Thank you for your reply. I appreciate it. I just feel so awful for them.


----------



## Openminded (Feb 21, 2013)

Yes, it hurts. I watched my grandchildren go through that when they were younger. All you can do is support them while they learn exactly what they're dealing with. It's a tough lesson.


----------



## ABHale (Jan 3, 2016)

When my parents D I blamed my self for it for a while. Then I found out what happened a few years later. Just love your kids. They will be stronger for having gone through this one day. Just love them.
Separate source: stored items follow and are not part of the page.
(* Let $E$ and $F$ be weighted geometric mean closed Archimedean vector lattices over $\mathbb{K}$, let $n\in\mathbb{N}$, and let $r_1,\dots,r_n\in(0,1)$ with $\sum_{k=1}^n r_k=1$. (1) For every positive linear map $T\colon E\to F$ and all $f_1,\dots,f_n\in E$: $T\bigl(\triangle_{k=1}^n(f_k,r_k)\bigr)\le\triangle_{k=1}^n\bigl(T(|f_k|),r_k\bigr)$. (2) A linear map $T\colon E\to F$ is a vector lattice homomorphism if and only if $T\bigl(\triangle_{k=1}^n(f_k,r_k)\bigr)=\triangle_{k=1}^n\bigl(T(f_k),r_k\bigr)$ for all $f_1,\dots,f_n\in E$. (3) If $G$ is a (not necessarily weighted geometric mean closed) vector sublattice of $E$, $T\colon G\to F$ is a vector lattice homomorphism, and $f_1,\dots,f_n\in G$ with $\triangle_{k=1}^n(f_k,r_k)\in G$, then $T\bigl(\triangle_{k=1}^n(f_k,r_k)\bigr)=\triangle_{k=1}^n\bigl(T(f_k),r_k\bigr)$.
   Context: $\mathbb{K}$ denotes $\mathbb{R}$ or $\mathbb{C}$. An Archimedean real vector lattice $E$ is square mean closed if $\sup\{(\cos\theta)f+(\sin\theta)g:\theta\in[0,2\pi]\}$ exists in $E$ for all $f,g\in E$. An Archimedean vector lattice over $\mathbb{C}$ is a complex vector space $E+iE$ (complexification) where $E$ is a square mean closed Archimedean real vector lattice; its modulus is $|f+ig|=\sup\{(\cos\theta)f+(\sin\theta)g:\theta\in[0,2\pi]\}$. An Archimedean vector lattice over $\mathbb{R}$ is an Archimedean real vector lattice with $|f|=f\vee(-f)$. For such $E$: $E^{+}=\{f\in E:|f|=f\}$, $E_\rho=\{f-g:f,g\in E^+\}$, ordered as a real vector lattice; infima are in $E_\rho$. $E$ is weighted geometric mean closed if for every $n$, all $f_1,\dots,f_n\in E$ and all $r_1,\dots,r_n\in(0,1)$ with $\sum r_k=1$, the infimum $\triangle_{k=1}^n(f_k,r_k):=\inf\{\sum_{k=1}^n r_k\theta_k|f_k|:\theta_k\in(0,\infty),\ \prod_{k=1}^n\theta_k^{r_k}=1\}$ exists in $E$. A linear map $T$ is positive if $T(E^+)\subseteq F^+$; it is a vector lattice homomorphism if $|T(f)|=T(|f|)$ for all $f$. A vector sublattice of $E$ is a $\mathbb{K}$-linear subspace closed under the modulus. *)

theory Defs
  imports Complex_Main "HOL-Library.Product_Plus"
begin

class real_vector_lattice = ordered_real_vector + lattice

class archimedean_real_vector_lattice = real_vector_lattice +
  assumes archimedean: "0 \<le> x \<Longrightarrow> (\<And>n::nat. real n *\<^sub>R x \<le> y) \<Longrightarrow> x = 0"

definition is_inf :: "'a::order set \<Rightarrow> 'a \<Rightarrow> bool" where
  "is_inf S x \<longleftrightarrow> (\<forall>s\<in>S. x \<le> s) \<and> (\<forall>y. (\<forall>s\<in>S. y \<le> s) \<longrightarrow> y \<le> x)"

definition is_sup :: "'a::order set \<Rightarrow> 'a \<Rightarrow> bool" where
  "is_sup S x \<longleftrightarrow> (\<forall>s\<in>S. s \<le> x) \<and> (\<forall>y. (\<forall>s\<in>S. s \<le> y) \<longrightarrow> x \<le> y)"

definition vabs :: "'a::real_vector_lattice \<Rightarrow> 'a" where
  "vabs f = sup f (- f)"

definition pos_R :: "'a::real_vector_lattice \<Rightarrow> bool" where
  "pos_R f \<longleftrightarrow> vabs f = f"

definition wgm_set_R :: "(nat \<Rightarrow> 'a::real_vector_lattice) \<Rightarrow> (nat \<Rightarrow> real) \<Rightarrow> nat \<Rightarrow> 'a set" where
  "wgm_set_R f r n = {(\<Sum>k\<in>{1..n}. (r k * \<theta> k) *\<^sub>R vabs (f k)) | \<theta>.
      (\<forall>k\<in>{1..n}. 0 < \<theta> k) \<and> (\<Prod>k\<in>{1..n}. \<theta> k powr r k) = 1}"

definition wgm_R :: "(nat \<Rightarrow> 'a::real_vector_lattice) \<Rightarrow> (nat \<Rightarrow> real) \<Rightarrow> nat \<Rightarrow> 'a" where
  "wgm_R f r n = (THE x. is_inf (wgm_set_R f r n) x)"

definition wgm_closed_R :: "'a::archimedean_real_vector_lattice itself \<Rightarrow> bool" where
  "wgm_closed_R _ \<longleftrightarrow> (\<forall>n (f::nat \<Rightarrow> 'a) r.
      (\<forall>k\<in>{1..n}. 0 < r k \<and> r k < 1) \<and> (\<Sum>k\<in>{1..n}. r k) = 1
        \<longrightarrow> (\<exists>x. is_inf (wgm_set_R f r n) x))"

definition positive_map_R :: "('a::real_vector_lattice \<Rightarrow> 'b::real_vector_lattice) \<Rightarrow> bool" where
  "positive_map_R T \<longleftrightarrow> (\<forall>f. pos_R f \<longrightarrow> pos_R (T f))"

definition vl_hom_on_R :: "'a::real_vector_lattice set \<Rightarrow> ('a \<Rightarrow> 'b::real_vector_lattice) \<Rightarrow> bool" where
  "vl_hom_on_R G T \<longleftrightarrow> (\<forall>f\<in>G. vabs (T f) = T (vabs f))"

definition sublattice_R :: "'a::real_vector_lattice set \<Rightarrow> bool" where
  "sublattice_R G \<longleftrightarrow> 0 \<in> G \<and> (\<forall>x\<in>G. \<forall>y\<in>G. x + y \<in> G) \<and> (\<forall>c x. x \<in> G \<longrightarrow> c *\<^sub>R x \<in> G)
      \<and> (\<forall>x\<in>G. vabs x \<in> G)"

definition linear_on_R :: "'a::real_vector set \<Rightarrow> ('a \<Rightarrow> 'b::real_vector) \<Rightarrow> bool" where
  "linear_on_R G T \<longleftrightarrow> (\<forall>x\<in>G. \<forall>y\<in>G. T (x + y) = T x + T y) \<and> (\<forall>c. \<forall>x\<in>G. T (c *\<^sub>R x) = c *\<^sub>R T x)"

section \<open>Case K = C: the complexification E + iE, represented as pairs (f, g) = f + i g\<close>

definition square_mean_closed :: "'a::real_vector_lattice itself \<Rightarrow> bool" where
  "square_mean_closed _ \<longleftrightarrow> (\<forall>f g::'a. \<exists>s. is_sup {cos \<theta> *\<^sub>R f + sin \<theta> *\<^sub>R g | \<theta>. \<theta> \<in> {0..2*pi}} s)"

text \<open>Real-valued modulus |f + i g| (an element of E).\<close>
definition cabs_re :: "'a::real_vector_lattice \<times> 'a \<Rightarrow> 'a" where
  "cabs_re z = (THE s. is_sup {cos \<theta> *\<^sub>R fst z + sin \<theta> *\<^sub>R snd z | \<theta>. \<theta> \<in> {0..2*pi}} s)"

definition cvabs :: "'a::real_vector_lattice \<times> 'a \<Rightarrow> 'a \<times> 'a" where
  "cvabs z = (cabs_re z, 0)"

definition cscale :: "complex \<Rightarrow> 'a::real_vector \<times> 'a \<Rightarrow> 'a \<times> 'a" where
  "cscale c z = (Re c *\<^sub>R fst z - Im c *\<^sub>R snd z, Re c *\<^sub>R snd z + Im c *\<^sub>R fst z)"

definition pos_C :: "'a::real_vector_lattice \<times> 'a \<Rightarrow> bool" where
  "pos_C z \<longleftrightarrow> cvabs z = z"

text \<open>Order of E_rho, written on E + iE: z <= w iff w - z is in E+.\<close>
definition le_C :: "'a::real_vector_lattice \<times> 'a \<Rightarrow> 'a \<times> 'a \<Rightarrow> bool" where
  "le_C z w \<longleftrightarrow> pos_C (w - z)"

definition wgm_set_C :: "(nat \<Rightarrow> 'a::real_vector_lattice \<times> 'a) \<Rightarrow> (nat \<Rightarrow> real) \<Rightarrow> nat \<Rightarrow> 'a set" where
  "wgm_set_C f r n = {(\<Sum>k\<in>{1..n}. (r k * \<theta> k) *\<^sub>R cabs_re (f k)) | \<theta>.
      (\<forall>k\<in>{1..n}. 0 < \<theta> k) \<and> (\<Prod>k\<in>{1..n}. \<theta> k powr r k) = 1}"

definition wgm_C :: "(nat \<Rightarrow> 'a::real_vector_lattice \<times> 'a) \<Rightarrow> (nat \<Rightarrow> real) \<Rightarrow> nat \<Rightarrow> 'a \<times> 'a" where
  "wgm_C f r n = ((THE x. is_inf (wgm_set_C f r n) x), 0)"

definition wgm_closed_C :: "'a::archimedean_real_vector_lattice itself \<Rightarrow> bool" where
  "wgm_closed_C _ \<longleftrightarrow> (\<forall>n (f::nat \<Rightarrow> 'a \<times> 'a) r.
      (\<forall>k\<in>{1..n}. 0 < r k \<and> r k < 1) \<and> (\<Sum>k\<in>{1..n}. r k) = 1
        \<longrightarrow> (\<exists>x. is_inf (wgm_set_C f r n) x))"

definition clinear_on :: "('a::real_vector \<times> 'a) set \<Rightarrow> ('a \<times> 'a \<Rightarrow> 'b::real_vector \<times> 'b) \<Rightarrow> bool" where
  "clinear_on G T \<longleftrightarrow> (\<forall>x\<in>G. \<forall>y\<in>G. T (x + y) = T x + T y) \<and> (\<forall>c. \<forall>x\<in>G. T (cscale c x) = cscale c (T x))"

definition positive_map_C :: "('a::real_vector_lattice \<times> 'a \<Rightarrow> 'b::real_vector_lattice \<times> 'b) \<Rightarrow> bool" where
  "positive_map_C T \<longleftrightarrow> (\<forall>z. pos_C z \<longrightarrow> pos_C (T z))"

definition vl_hom_on_C :: "('a::real_vector_lattice \<times> 'a) set \<Rightarrow> ('a \<times> 'a \<Rightarrow> 'b::real_vector_lattice \<times> 'b) \<Rightarrow> bool" where
  "vl_hom_on_C G T \<longleftrightarrow> (\<forall>z\<in>G. cvabs (T z) = T (cvabs z))"

definition sublattice_C :: "('a::real_vector_lattice \<times> 'a) set \<Rightarrow> bool" where
  "sublattice_C G \<longleftrightarrow> 0 \<in> G \<and> (\<forall>x\<in>G. \<forall>y\<in>G. x + y \<in> G) \<and> (\<forall>c x. x \<in> G \<longrightarrow> cscale c x \<in> G)
      \<and> (\<forall>x\<in>G. cvabs x \<in> G)"

end

theory Submission
  imports Defs "HOL-Library.Lattice_Algebras" "HOL-Library.FuncSet"
begin

text \<open>
  Positive maps are monotone, so they map the infimum below every weighted sum
  \<open>\<Sum> r\<^sub>k \<theta>\<^sub>k T|f\<^sub>k|\<close>, which is (1).  For a lattice homomorphism the reverse inequality needs
  an approximation argument, because the set of admissible weights \<open>\<theta>\<close> is not compact: a
  finite family of weights dominating every admissible weight up to \<open>c\<close> in each coordinate
  replaces the infimum by a finite infimum, at the cost of an error \<open>c \<Sum>|f\<^sub>k|\<close>.  Finite
  infima commute with lattice homomorphisms, and the Archimedean property removes the error
  as \<open>c \<rightarrow> 0\<close>; this gives (3), and (2) in one direction.  Conversely, for \<open>f\<^sub>k = f\<close> the
  mean is \<open>|f|\<close> by the weighted AM-GM inequality, so preserving means forces preserving
  moduli.  The complex case reduces to the real one: the complex mean is the real mean of the
  moduli, and a complex lattice homomorphism restricts to a real one between the real parts.\<close>

subclass (in real_vector_lattice) lattice_ab_group_add ..

lemma vabs_ge: "x \<le> vabs x" "- x \<le> vabs x"
  unfolding vabs_def by simp_all

lemma vabs_nonneg: "0 \<le> vabs (x::'a::real_vector_lattice)"
proof -
  have "x + - x \<le> vabs x + vabs x" by (intro add_mono vabs_ge)
  then show ?thesis by simp
qed

lemma vabs_eq_self_iff: "vabs x = x \<longleftrightarrow> 0 \<le> (x::'a::real_vector_lattice)"
  unfolding vabs_def by (metis le_iff_sup sup_commute minus_le_self_iff)

lemma vabs_of_nonneg: "0 \<le> (x::'a::real_vector_lattice) \<Longrightarrow> vabs x = x"
  by (simp add: vabs_eq_self_iff)

lemma pos_R_iff: "pos_R (x::'a::real_vector_lattice) \<longleftrightarrow> 0 \<le> x"
  by (simp add: pos_R_def vabs_eq_self_iff)

lemma scaleR_sup_distrib:
  fixes a b :: "'a::real_vector_lattice"
  assumes "0 < c"
  shows "c *\<^sub>R sup a b = sup (c *\<^sub>R a) (c *\<^sub>R b)"
proof (rule order.antisym)
  show "sup (c *\<^sub>R a) (c *\<^sub>R b) \<le> c *\<^sub>R sup a b"
    using assms by (simp add: scaleR_left_mono)
  have "inverse c *\<^sub>R (c *\<^sub>R a) \<le> inverse c *\<^sub>R sup (c *\<^sub>R a) (c *\<^sub>R b)"
    and "inverse c *\<^sub>R (c *\<^sub>R b) \<le> inverse c *\<^sub>R sup (c *\<^sub>R a) (c *\<^sub>R b)"
    using assms by (intro scaleR_left_mono; simp)+
  then have "c *\<^sub>R sup a b \<le> c *\<^sub>R (inverse c *\<^sub>R sup (c *\<^sub>R a) (c *\<^sub>R b))"
    using assms by (intro scaleR_left_mono) auto
  then show "c *\<^sub>R sup a b \<le> sup (c *\<^sub>R a) (c *\<^sub>R b)"
    using assms by simp
qed

lemma pprt_eq_half_vabs_add: "pprt (x::'a::real_vector_lattice) = (1/2::real) *\<^sub>R (vabs x + x)"
proof -
  have "vabs x + x = sup (2 *\<^sub>R x) 0"
    unfolding vabs_def by (simp add: add_sup_distrib_right scaleR_2)
  also have "\<dots> = 2 *\<^sub>R pprt x"
    unfolding pprt_def using scaleR_sup_distrib[of 2 x 0] by simp
  finally show ?thesis by simp
qed

lemma inf_eq_diff_pprt: "inf x y = x - pprt (x - (y::'a::real_vector_lattice))"
  by (simp add: pprt_def add_inf_distrib_left inf_commute)

lemma scaleR_le_vabs:
  assumes "\<bar>c\<bar> \<le> 1"
  shows "c *\<^sub>R (x::'a::real_vector_lattice) \<le> vabs x"
proof (cases "0 \<le> c")
  case True
  have "c *\<^sub>R x \<le> c *\<^sub>R vabs x" using True vabs_ge by (intro scaleR_left_mono)
  also have "\<dots> \<le> 1 *\<^sub>R vabs x" using True assms vabs_nonneg by (intro scaleR_right_mono) auto
  finally show ?thesis by simp
next
  case False
  have "c *\<^sub>R x = (- c) *\<^sub>R (- x)" by simp
  also have "\<dots> \<le> (- c) *\<^sub>R vabs x" using False vabs_ge by (intro scaleR_left_mono) auto
  also have "\<dots> \<le> 1 *\<^sub>R vabs x" using False assms vabs_nonneg by (intro scaleR_right_mono) auto
  finally show ?thesis by simp
qed

lemma archimedean_nonpos:
  fixes x u :: "'a::archimedean_real_vector_lattice"
  assumes "0 \<le> u" and small: "\<And>c. 0 < c \<Longrightarrow> c \<le> 1 \<Longrightarrow> x \<le> c *\<^sub>R u"
  shows "x \<le> 0"
proof -
  have "real N *\<^sub>R pprt x \<le> u" for N :: nat
  proof -
    define c where "c = 1 / (real N + 1)"
    have c: "0 < c" "c \<le> 1" unfolding c_def by (auto simp: field_simps)
    have "pprt x \<le> c *\<^sub>R u"
      unfolding pprt_def using small[OF c] c assms(1) by (simp add: scaleR_nonneg_nonneg)
    then have "(real N + 1) *\<^sub>R pprt x \<le> (real N + 1) *\<^sub>R (c *\<^sub>R u)"
      by (intro scaleR_left_mono) auto
    moreover have "real N *\<^sub>R pprt x \<le> (real N + 1) *\<^sub>R pprt x"
      by (intro scaleR_right_mono) auto
    ultimately show ?thesis unfolding c_def by simp
  qed
  then have "pprt x = 0" using archimedean zero_le_pprt by blast
  then show ?thesis by (simp add: le_zero_iff_zero_pprt)
qed


section \<open>Admissible weights\<close>

definition wgm_weights :: "(nat \<Rightarrow> real) \<Rightarrow> nat \<Rightarrow> (nat \<Rightarrow> real) set" where
  "wgm_weights r n = {\<theta>. (\<forall>k\<in>{1..n}. 0 < \<theta> k) \<and> (\<Prod>k\<in>{1..n}. \<theta> k powr r k) = 1}"

lemma const_one_in_wgm_weights: "(\<lambda>_. 1) \<in> wgm_weights r n"
  unfolding wgm_weights_def by simp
PS I was 4 when mine D. My mom cheated. Court gave her custody. My kids mean everything to me. They will be fine.


----------



## MSalmoides (Sep 29, 2016)

...


----------



## MSalmoides (Sep 29, 2016)

...


----------



## prunus (Oct 29, 2016)

MSalmoides said:


> Double post.


It double posted? My reply or the original?


----------



## ABHale (Jan 3, 2016)

prunus said:


> It double posted? My reply or the original?


His reply.


----------



## prunus (Oct 29, 2016)

MSalmoides said:


> Of course you do. And I understand all of the "nos" you're feeling or maybe getting as advice. Many in my family had a complete meltdown when I went to see my "father." Again, different circumstances but it was my decision. It's my thinking that your children are old enough to make their own decision. If you hold them back or discourage them, then he dies, they may come to regret it and resent you for it. If for no other reason than to validate the current feelings they have about your situation and about him. Yes he's not in his right mind but he is their father.
> 
> I think this is bigger than blameshifting and all of the other history, which frankly I'm not fully caught up with for your situation. I'm simply speaking from the child's perspective of an abandoning, ill father. Having your father abandon you is a life altering thing, and sometimes the only way to come to terms with it is to put the demon to rest by confronting it that one, last time. It helps to understand the reality.
> 
> ~MS


I'll give you a quick run down of the situation. I left the house in mid-September with the kids. They were afraid. I was afraid and on edge. I asked him to leave so we could come home. He finally agreed and left mid-late November. But, he moved 1300 miles away and in with his dad.

I do not blame STBXH in front of the kids. I try to talk kindly about him, all the while he's trash talking me. It's hard to do, but I know it's the right thing for them. He has never been there for them emotionally, only physically. I guess that's why the separation is going so well for me and the kids. But, I just hate to see them hurting and to ask that...you know it hurts.


----------



## MSalmoides (Sep 29, 2016)

...


----------



## SunnyT (Jun 22, 2011)

Depending on how old they are.... you can tell them something and still not trash talk dad. And good for you for not doing that. 

When my ex left, he did not visit the kids and he only lived ten minutes away. I really really resented how he handled that, since it wasn't acrimonious anyway. I just told the kids (5 teens), "I don't know what Dad is thinking" or "Dad is in his own world." or "Maybe that's something you can talk with him about some day." 

I tried not to speak FOR him....like how he loves them and....(whatever). Not my job to cover for him any more. So I tried to not just tell them what a freakin jerk he was and tried to keep it neutral. 

Ten years later....they see their dad once a year if that. They see mom EVERY SUNDAY and then some!  They know who was there. They know who didn't run away from the family. 

It gets better....just takes time. One thing you can do is to start NEW traditions with the kids since dad isn't going to be around. If they are old enough, let them help decide what the new traditions look like. Since mine were all teens, we voted to open gifts at midnight on xmas eve and then sleep in on Christmas morning.


----------



## Spicy (Jun 18, 2016)

Of course your heart ❤ hurts....we never want our babies to be treated badly.
I personally think your response was perfect. That way the responsibility falls back on him, exactly as it should.
Hang in there great mama. Warm hugs from me!


----------



## ChipperE (Nov 16, 2016)

I've been in this situation. This is what I did with mine. I assured them...your dad loves you very much. He is going through a hard time right now just like we all are, and sometimes people don't cope in the best way. Why don't you write him a letter and let him know how you feel- you don't even have to mail it if you don't want to. Just know that he does love you- you're an amazing kid! 

I would be careful to never, ever phrase something that would make the children question their father's love for them. Even if he doesn't give a flip about how they are doing (as was the case with my ex-husband) you want them to believe that he does. Time will reveal all truths just as it has with my kids. That was 7 years ago. Now he tries to see them and they won't take visitation with him and he is torn up over it. But my kids have the self-esteem now to say...you weren't there for us when we needed you (even though I urge them to see him).


----------